Notable Segment: Deep Dive on the Moral and Strategic Quagmire
- "The noble sign of having solidarity and sympathy with our brothers would be used by Hamas to get away with October 7th…But for the first time, this price was not tactical, but strategic." — Amit Segal [43:28]
- If releasing hostages means Hamas survives to do it again, what is the path forward?
3. Summarizing Two Years to a Released Hostage
- Listener Question: How would you summarize the past two years to someone who’d been held hostage since October 7, 2023? [07:46]
- Nadav’s Response [07:46–10:15]: Israel survived and ultimately defeated its enemies; Iranian and Hezbollah leadership are gone, and the “axis of terror” is “crushed.” More than anything, he highlights the resilience, solidarity, and hope within Israeli society.
- Amit’s Response [10:15–12:11]: Contrasts the attack’s horror with Israel’s ultimate military might and the heroism of individuals, telling the story of Aner Shapira.
4. Heroism and Memory: Aner Shapira’s Story
- Interlude: Shira Shapiro, Aner’s mother, describes his courage at the Nova Festival (throwing back grenades, saving lives, dying in the process) and their foundation’s attempts to honor his legacy through music and connection. [12:38]
- “For him, the way that he decided to give his life in order to save lives is exactly the same way that he chose to live his life.” — Shira Shapiro [12:38]

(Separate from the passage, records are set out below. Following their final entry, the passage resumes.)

lemma win_prob_spike_pref:
  assumes "2 \<le> m" "i < m"
  shows "win_prob m (spike_pref \<epsilon> a) A i =
    1 / real m + 2 * \<epsilon> / (real m * (real m - 1)) * (real m * of_bool (A ! i = a) - arm_count m a A)"
proof -
  have m1: "real m - 1 > 0" using assms by simp
  have row: "(\<Sum>j<m. spike_pref \<epsilon> a (A ! i) (A ! j))
      = real m / 2 + \<epsilon> * (real m * of_bool (A ! i = a) - arm_count m a A)"
    unfolding spike_pref_def arm_count_def
    by (simp add: sum.distrib sum_subtractf sum_distrib_left algebra_simps)
  have "win_prob m (spike_pref \<epsilon> a) A i
      = (2 * (\<Sum>j<m. spike_pref \<epsilon> a (A ! i) (A ! j)) - 2 * spike_pref \<epsilon> a (A ! i) (A ! i))
          / (real m * (real m - 1))"
    unfolding win_prob_def using assms
    by (simp add: sum_diff1 sum_divide_distrib[symmetric] sum_distrib_left diff_divide_distrib)
  also have "\<dots> = 1 / real m + 2 * \<epsilon> / (real m * (real m - 1))
      * (real m * of_bool (A ! i = a) - arm_count m a A)"
    unfolding row using m1 by (simp add: spike_pref_def field_simps)
  finally show ?thesis .
qed

lemma sum_win_prob_spike_pref:
  assumes "2 \<le> m"
  shows "(\<Sum>i<m. win_prob m (spike_pref \<epsilon> a) A i) = 1"
proof -
  define c where "c = 2 * \<epsilon> / (real m * (real m - 1))"
  have "(\<Sum>i<m. win_prob m (spike_pref \<epsilon> a) A i)
      = (\<Sum>i<m. 1 / real m) + c * (\<Sum>i<m. real m * of_bool (A ! i = a) - arm_count m a A)"
    using assms by (simp add: win_prob_spike_pref c_def sum.distrib sum_distrib_left)
  also have "(\<Sum>i<m. real m * of_bool (A ! i = a) - arm_count m a A) = 0"
    by (simp add: sum_subtractf arm_count_def flip: sum_distrib_left)
  finally show ?thesis using assms by simp
qed

lemma win_prob_spike_pref_nonneg:
  assumes "2 \<le> m" "i < m" "0 \<le> \<epsilon>" "\<epsilon> \<le> 1/4"
  shows "0 \<le> win_prob m (spike_pref \<epsilon> a) A i"
proof -
  define c where "c = 2 * \<epsilon> / (real m * (real m - 1))"
  have c0: "0 \<le> c" using assms by (simp add: c_def)
  have "c * arm_count m a A \<le> c * real m"
    using mult_left_mono[OF arm_count_le c0] .
  also have "\<dots> = 2 * \<epsilon> / (real m - 1)" using assms by (simp add: c_def)
  also have "\<dots> \<le> 1 / real m"
  proof -
    have "\<epsilon> * (2 * real m) \<le> 1/4 * (2 * real m)"
      using assms by (intro mult_right_mono) auto
    then have "1 + \<epsilon> * (2 * real m) \<le> real m" using assms by linarith
    then show ?thesis using assms by (simp add: field_simps)
  qed
  finally have "c * arm_count m a A \<le> 1 / real m" .
  moreover have "0 \<le> c * (real m * of_bool (A ! i = a))" using c0 by simp
  ultimately show ?thesis
    unfolding win_prob_spike_pref[OF assms(1,2)] c_def[symmetric] by (simp add: right_diff_distrib)
qed

lemma sum_sq_win_prob_spike_pref_le:
  assumes m: "2 \<le> m"
  shows "(\<Sum>i<m. real m * (win_prob m (spike_pref \<epsilon> a) A i)\<^sup>2)
    \<le> 1 + 16 * \<epsilon>\<^sup>2 * (arm_count m a A / real m)"
proof -
  define c where "c = 2 * \<epsilon> / (real m * (real m - 1))"
  define d where "d i = real m * of_bool (A ! i = a) - arm_count m a A" for i
  have m0: "real m > 0" and m1: "real m - 1 \<ge> 1" using m by auto
  have sum_d: "(\<Sum>i<m. d i) = 0"
    unfolding d_def by (simp add: sum_subtractf arm_count_def flip: sum_distrib_left)
  have sum_sq_d: "(\<Sum>i<m. (d i)\<^sup>2) = (real m)\<^sup>2 * arm_count m a A - real m * (arm_count m a A)\<^sup>2"
  proof -
    have "(\<Sum>i<m. (d i)\<^sup>2) = (\<Sum>i<m. (real m)\<^sup>2 * of_bool (A ! i = a)
        - 2 * real m * arm_count m a A * of_bool (A ! i = a) + (arm_count m a A)\<^sup>2)"
      unfolding d_def by (intro sum.cong) (auto simp: power2_diff power_mult_distrib)
    also have "\<dots> = (real m)\<^sup>2 * arm_count m a A - 2 * real m * arm_count m a A * arm_count m a A
        + real m * (arm_count m a A)\<^sup>2"
      by (simp add: sum.distrib sum_subtractf arm_count_def flip: sum_distrib_left)
    finally show ?thesis by (simp add: power2_eq_square)
  qed
  have "(\<Sum>i<m. real m * (win_prob m (spike_pref \<epsilon> a) A i)\<^sup>2)
      = (\<Sum>i<m. 1 / real m + 2 * c * d i + real m * c\<^sup>2 * (d i)\<^sup>2)"
  proof (intro sum.cong refl)
    fix i assume "i \<in> {..<m}"
    then have w: "win_prob m (spike_pref \<epsilon> a) A i = 1 / real m + c * d i"
      using win_prob_spike_pref[OF m] by (simp add: c_def d_def)
    show "real m * (win_prob m (spike_pref \<epsilon> a) A i)\<^sup>2 = 1 / real m + 2 * c * d i + real m * c\<^sup>2 * (d i)\<^sup>2"
      unfolding w using m0 by (simp add: power2_eq_square field_simps)
  qed
  also have "\<dots> = 1 + real m * c\<^sup>2 * ((real m)\<^sup>2 * arm_count m a A - real m * (arm_count m a A)\<^sup>2)"
    using m0 by (simp add: sum.distrib sum_distrib_left sum_d sum_sq_d flip: sum_distrib_left)
  also have "\<dots> \<le> 1 + real m * c\<^sup>2 * ((real m)\<^sup>2 * arm_count m a A)"
    using arm_count_nonneg[of m a A] m0 by (intro add_left_mono mult_left_mono) auto
  also have "\<dots> = 1 + 4 * \<epsilon>\<^sup>2 * real m / (real m - 1)\<^sup>2 * arm_count m a A"
    using m0 m1 by (simp add: c_def power_divide power_mult_distrib)
  also have "\<dots> \<le> 1 + 16 * \<epsilon>\<^sup>2 / real m * arm_count m a A"
  proof (intro add_left_mono mult_right_mono arm_count_nonneg)
    \<comment> \<open>\<open>(3m - 2)(m - 2) = 4(m - 1)\<^sup>2 - m\<^sup>2\<close>\<close>
    have "0 \<le> (3 * real m - 2) * (real m - 2)" using m by (intro mult_nonneg_nonneg) auto
    then have "4 * \<epsilon>\<^sup>2 * (real m * real m) \<le> 4 * \<epsilon>\<^sup>2 * (4 * (real m - 1)\<^sup>2)"
      by (intro mult_left_mono) (auto simp: power2_eq_square algebra_simps)
    then show "4 * \<epsilon>\<^sup>2 * real m / (real m - 1)\<^sup>2 \<le> 16 * \<epsilon>\<^sup>2 / real m"
      using m0 m1 by (simp add: field_simps)
  qed
  finally show ?thesis by simp
qed

lemma inst_regret_spike_pref:
  assumes "0 < m"
  shows "inst_regret m (spike_pref \<epsilon> a) a A = \<epsilon> * (1 - arm_count m a A / real m)"
proof -
  have "(\<Sum>j<m. spike_pref \<epsilon> a a (A ! j) - 1/2) = \<epsilon> * (real m - arm_count m a A)"
    unfolding spike_pref_def arm_count_def by (simp add: sum_subtractf sum_distrib_left algebra_simps)
  then show ?thesis unfolding inst_regret_def using assms by (simp add: field_simps)
qed

definition arm_share :: "nat \<Rightarrow> nat \<Rightarrow> history \<Rightarrow> real" where
  "arm_share m a h = (\<Sum>(A, i)\<leftarrow>h. arm_count m a A / real m)"

lemma arm_share_Nil [simp]: "arm_share m a [] = 0"
  by (simp add: arm_share_def)

lemma arm_share_snoc [simp]: "arm_share m a (h @ [(A, i)]) = arm_share m a h + arm_count m a A / real m"
  by (simp add: arm_share_def)

lemma arm_share_nonneg: "0 \<le> arm_share m a h"
  by (induction h rule: rev_induct) (auto simp: arm_count_nonneg)

lemma arm_share_le_append: "arm_share m a h \<le> arm_share m a (h @ h')"
  by (induction h' rule: rev_induct) (auto simp: arm_count_nonneg simp flip: append_assoc intro: order_trans)

lemma arm_share_le_length:
  assumes "0 < m"
  shows "arm_share m a h \<le> real (length h)"
proof (induction h rule: rev_induct)
  case (snoc x h)
  have "arm_count m a (fst x) / real m \<le> 1"
    using arm_count_le[of m a "fst x"] assms by simp
  then show ?case using snoc by (cases x) simp
qed simp

lemma sum_arm_share_le_length:
  assumes "0 < m"
  shows "(\<Sum>a<K. arm_share m a h) \<le> real (length h)"
proof (induction h rule: rev_induct)
  case (snoc x h)
  obtain A i where x: "x = (A, i)" by fastforce
  have "(\<Sum>a<K. arm_count m a A / real m) \<le> 1"
    using sum_arm_count_le[where K=K and m=m and A=A] assms by (simp add: field_simps flip: sum_divide_distrib)
  then show ?case using snoc by (simp add: x sum.distrib)
qed simp

lemma exp_divergence_budget_le:
  assumes "4 \<le> K" "K \<le> T"
  shows "exp (16 * (sqrt (real K / real T) / 16)\<^sup>2 * (2 * real T / real K + 1)) \<le> 11/8"
proof -
  let ?x = "16 * (sqrt (real K / real T) / 16)\<^sup>2 * (2 * real T / real K + 1)"
  have "?x = (2 + real K / real T) / 16"
    using assms by (simp add: power_divide field_simps)
  moreover have "real K / real T \<le> 1" using assms by simp
  ultimately have x: "0 \<le> ?x" "?x \<le> 3/16" by auto
  have "exp ?x \<le> 1 + 2 * ?x"
    using exp_bound_lemma[of ?x] x by simp
  then show ?thesis using x by simp
qed

locale bandit_alg =
  fixes K m :: nat and alg :: "history \<Rightarrow> action pmf"
  assumes valid: "valid_alg K m alg" and m_pos: "0 < m"
begin

definition actions :: "action set" where
  "actions = {A. set A \<subseteq> {..<K} \<and> length A = m}"

lemma finite_actions: "finite actions"
  unfolding actions_def by (rule finite_lists_length_eq) simp

lemma set_pmf_alg_subset_actions: "set_pmf (alg h) \<subseteq> actions"
  using valid unfolding valid_alg_def actions_def by auto

lemma sum_pmf_alg_actions: "(\<Sum>A\<in>actions. pmf (alg h) A) = 1"
  by (rule sum_pmf_eq_1[OF finite_actions set_pmf_alg_subset_actions])

lemma expectation_alg_eq_sum:
  "measure_pmf.expectation (alg h) f = (\<Sum>A\<in>actions. pmf (alg h) A * f A)"
  using integral_measure_pmf_real[OF finite_actions, of "alg h" f] set_pmf_alg_subset_actions
  by (auto simp: mult.commute)

text \<open>The winning index \<open>i\<close> is observed with weight \<open>q h A i\<close> for an arbitrary feedback kernel
  \<open>q\<close>, not only one coming from a preference matrix: the argument also runs the algorithm under
  uniform feedback and under feedback that turns uniform at a stopping time.\<close>

fun expect_after ::
  "(history \<Rightarrow> action \<Rightarrow> nat \<Rightarrow> real) \<Rightarrow> (history \<Rightarrow> real) \<Rightarrow> nat \<Rightarrow> history \<Rightarrow> real" where
  "expect_after q g 0 h = g h"
| "expect_after q g (Suc n) h =
     (\<Sum>A\<in>actions. pmf (alg h) A * (\<Sum>i<m. q h A i * expect_after q g n (h @ [(A, i)])))"

definition nonneg_kernel :: "(history \<Rightarrow> action \<Rightarrow> nat \<Rightarrow> real) \<Rightarrow> bool" where
  "nonneg_kernel q \<longleftrightarrow> (\<forall>h. \<forall>A\<in>actions. \<forall>i<m. 0 \<le> q h A i)"

definition feedback_kernel :: "(history \<Rightarrow> action \<Rightarrow> nat \<Rightarrow> real) \<Rightarrow> bool" where
  "feedback_kernel q \<longleftrightarrow> nonneg_kernel q \<and> (\<forall>h. \<forall>A\<in>actions. (\<Sum>i<m. q h A i) = 1)"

5. Surprises of the War Years
- Nadav: Surprised by how weak Israel’s enemies really were, and by Israel’s capacity to win alone, with essential US support but little from the rest of the world. He’s struck by the international community’s failures, both before and after October 7. [15:22]
- Amit: The war exhausted every facet of Israeli society and military preparedness, yet Israel not only survived but thrived demographically and economically. [19:02]
- Dan: Shocked by the casual antisemitism in the West—rationalizations and victim-blaming grew “normal,” even among educated moderates. [20:48]
6. Antisemitism: Israeli vs. Diaspora Perspectives
- Amit: Shares personal anecdotes, highlighting the normalization of antisemitism post-October 7—both classic hate and the newer, “rationalized” forms. [23:18]
- Nadav: Points out the difference in “sensibility” to antisemitism between Israelis (a majority in their state) and Diaspora Jews (always minorities), and the additional pressures and fears faced by the global Jewish community. [25:58]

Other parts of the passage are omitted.